Start of Data provided
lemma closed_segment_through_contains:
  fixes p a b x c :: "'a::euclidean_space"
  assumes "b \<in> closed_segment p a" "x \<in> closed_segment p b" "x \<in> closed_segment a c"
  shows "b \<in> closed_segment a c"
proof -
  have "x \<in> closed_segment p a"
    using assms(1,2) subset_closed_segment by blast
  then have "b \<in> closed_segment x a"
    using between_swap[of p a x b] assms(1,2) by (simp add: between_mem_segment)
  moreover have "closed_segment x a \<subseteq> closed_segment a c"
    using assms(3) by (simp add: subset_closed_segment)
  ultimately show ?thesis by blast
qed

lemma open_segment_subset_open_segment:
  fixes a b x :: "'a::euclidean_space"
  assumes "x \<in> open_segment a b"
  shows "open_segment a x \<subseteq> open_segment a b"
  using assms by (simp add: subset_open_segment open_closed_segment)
End of Data provided
Start of Data provided
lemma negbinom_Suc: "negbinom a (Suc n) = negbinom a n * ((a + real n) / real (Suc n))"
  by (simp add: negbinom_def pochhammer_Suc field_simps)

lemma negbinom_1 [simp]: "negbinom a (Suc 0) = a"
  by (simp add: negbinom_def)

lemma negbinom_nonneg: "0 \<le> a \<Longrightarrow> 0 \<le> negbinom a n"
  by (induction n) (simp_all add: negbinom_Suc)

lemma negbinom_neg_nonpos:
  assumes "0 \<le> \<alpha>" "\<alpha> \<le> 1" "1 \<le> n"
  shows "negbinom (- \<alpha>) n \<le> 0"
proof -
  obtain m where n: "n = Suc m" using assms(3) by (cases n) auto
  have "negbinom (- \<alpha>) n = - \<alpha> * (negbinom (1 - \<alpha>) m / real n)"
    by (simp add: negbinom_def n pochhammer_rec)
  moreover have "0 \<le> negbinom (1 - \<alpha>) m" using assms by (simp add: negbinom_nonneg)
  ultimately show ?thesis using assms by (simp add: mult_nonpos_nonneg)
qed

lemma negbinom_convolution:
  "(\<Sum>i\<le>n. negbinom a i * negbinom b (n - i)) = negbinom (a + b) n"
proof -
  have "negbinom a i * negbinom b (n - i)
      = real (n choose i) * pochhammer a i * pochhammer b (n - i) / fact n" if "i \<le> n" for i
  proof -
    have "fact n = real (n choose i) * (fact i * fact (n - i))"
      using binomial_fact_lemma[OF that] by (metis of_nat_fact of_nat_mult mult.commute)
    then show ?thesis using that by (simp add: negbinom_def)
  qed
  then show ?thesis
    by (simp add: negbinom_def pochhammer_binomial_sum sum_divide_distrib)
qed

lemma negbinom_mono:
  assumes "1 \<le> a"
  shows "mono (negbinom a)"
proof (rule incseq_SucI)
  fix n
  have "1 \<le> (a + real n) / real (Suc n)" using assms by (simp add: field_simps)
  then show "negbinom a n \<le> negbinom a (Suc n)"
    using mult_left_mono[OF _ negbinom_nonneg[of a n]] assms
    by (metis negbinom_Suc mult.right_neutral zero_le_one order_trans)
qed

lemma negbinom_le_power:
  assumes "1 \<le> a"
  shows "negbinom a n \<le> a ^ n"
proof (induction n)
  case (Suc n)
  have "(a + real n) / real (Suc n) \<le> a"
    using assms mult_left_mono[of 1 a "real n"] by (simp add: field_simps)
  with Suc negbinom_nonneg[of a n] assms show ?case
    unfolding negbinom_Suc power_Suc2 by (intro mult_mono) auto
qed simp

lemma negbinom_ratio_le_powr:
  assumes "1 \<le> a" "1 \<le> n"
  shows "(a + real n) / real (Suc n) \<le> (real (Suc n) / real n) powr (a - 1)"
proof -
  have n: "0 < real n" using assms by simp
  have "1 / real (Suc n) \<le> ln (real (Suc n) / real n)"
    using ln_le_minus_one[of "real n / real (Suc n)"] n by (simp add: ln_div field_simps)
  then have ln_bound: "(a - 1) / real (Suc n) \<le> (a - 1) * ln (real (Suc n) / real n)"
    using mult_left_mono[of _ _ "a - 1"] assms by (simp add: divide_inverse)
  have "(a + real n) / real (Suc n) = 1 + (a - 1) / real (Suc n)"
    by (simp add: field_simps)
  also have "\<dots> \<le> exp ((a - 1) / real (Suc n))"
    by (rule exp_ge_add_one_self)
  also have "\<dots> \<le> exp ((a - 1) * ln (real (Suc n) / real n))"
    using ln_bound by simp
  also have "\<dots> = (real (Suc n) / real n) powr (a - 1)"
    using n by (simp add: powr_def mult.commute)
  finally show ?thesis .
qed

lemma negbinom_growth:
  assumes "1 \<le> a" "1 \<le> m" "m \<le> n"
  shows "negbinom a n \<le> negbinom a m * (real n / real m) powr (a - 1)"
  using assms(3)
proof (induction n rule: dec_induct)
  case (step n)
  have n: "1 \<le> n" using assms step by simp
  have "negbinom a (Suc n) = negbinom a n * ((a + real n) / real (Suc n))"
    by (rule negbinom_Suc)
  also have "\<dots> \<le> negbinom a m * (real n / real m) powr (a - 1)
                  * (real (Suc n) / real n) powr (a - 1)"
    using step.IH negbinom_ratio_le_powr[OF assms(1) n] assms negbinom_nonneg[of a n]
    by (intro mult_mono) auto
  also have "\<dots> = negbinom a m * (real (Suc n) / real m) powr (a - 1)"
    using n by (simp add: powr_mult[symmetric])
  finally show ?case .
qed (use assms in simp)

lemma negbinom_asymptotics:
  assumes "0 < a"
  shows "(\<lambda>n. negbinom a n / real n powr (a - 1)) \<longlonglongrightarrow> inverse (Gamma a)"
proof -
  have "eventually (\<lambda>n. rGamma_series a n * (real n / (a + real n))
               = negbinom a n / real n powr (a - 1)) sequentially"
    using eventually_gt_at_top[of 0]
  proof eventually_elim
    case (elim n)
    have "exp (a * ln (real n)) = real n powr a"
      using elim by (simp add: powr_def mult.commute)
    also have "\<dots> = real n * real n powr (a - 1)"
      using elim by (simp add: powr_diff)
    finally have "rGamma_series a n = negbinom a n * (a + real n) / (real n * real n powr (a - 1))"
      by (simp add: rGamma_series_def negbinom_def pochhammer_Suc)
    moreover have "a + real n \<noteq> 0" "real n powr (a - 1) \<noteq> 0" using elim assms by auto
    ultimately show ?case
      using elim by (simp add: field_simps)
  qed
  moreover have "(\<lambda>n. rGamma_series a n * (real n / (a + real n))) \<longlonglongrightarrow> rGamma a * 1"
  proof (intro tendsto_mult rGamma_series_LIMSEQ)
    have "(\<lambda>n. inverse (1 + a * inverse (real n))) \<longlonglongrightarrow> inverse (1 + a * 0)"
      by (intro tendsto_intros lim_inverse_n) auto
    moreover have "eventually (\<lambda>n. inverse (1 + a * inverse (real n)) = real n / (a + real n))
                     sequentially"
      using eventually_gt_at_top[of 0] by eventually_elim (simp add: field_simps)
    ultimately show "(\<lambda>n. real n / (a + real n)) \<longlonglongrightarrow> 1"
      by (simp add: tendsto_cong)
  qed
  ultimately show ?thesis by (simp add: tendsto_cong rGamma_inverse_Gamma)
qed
End of Data provided
All lines above from the one containing "obtain m where" to the one containing "n \<le> negbinom a (Suc" must be repeated exactly, both lines included, and no others.

  obtain m where n: "n = Suc m" using assms(3) by (cases n) auto
  have "negbinom (- \<alpha>) n = - \<alpha> * (negbinom (1 - \<alpha>) m / real n)"
    by (simp add: negbinom_def n pochhammer_rec)
  moreover have "0 \<le> negbinom (1 - \<alpha>) m" using assms by (simp add: negbinom_nonneg)
  ultimately show ?thesis using assms by (simp add: mult_nonpos_nonneg)
qed

lemma negbinom_convolution:
  "(\<Sum>i\<le>n. negbinom a i * negbinom b (n - i)) = negbinom (a + b) n"
proof -
  have "negbinom a i * negbinom b (n - i)
      = real (n choose i) * pochhammer a i * pochhammer b (n - i) / fact n" if "i \<le> n" for i
  proof -
    have "fact n = real (n choose i) * (fact i * fact (n - i))"
      using binomial_fact_lemma[OF that] by (metis of_nat_fact of_nat_mult mult.commute)
    then show ?thesis using that by (simp add: negbinom_def)
  qed
  then show ?thesis
    by (simp add: negbinom_def pochhammer_binomial_sum sum_divide_distrib)
qed

lemma negbinom_mono:
  assumes "1 \<le> a"
  shows "mono (negbinom a)"
proof (rule incseq_SucI)
  fix n
  have "1 \<le> (a + real n) / real (Suc n)" using assms by (simp add: field_simps)
  then show "negbinom a n \<le> negbinom a (Suc n)"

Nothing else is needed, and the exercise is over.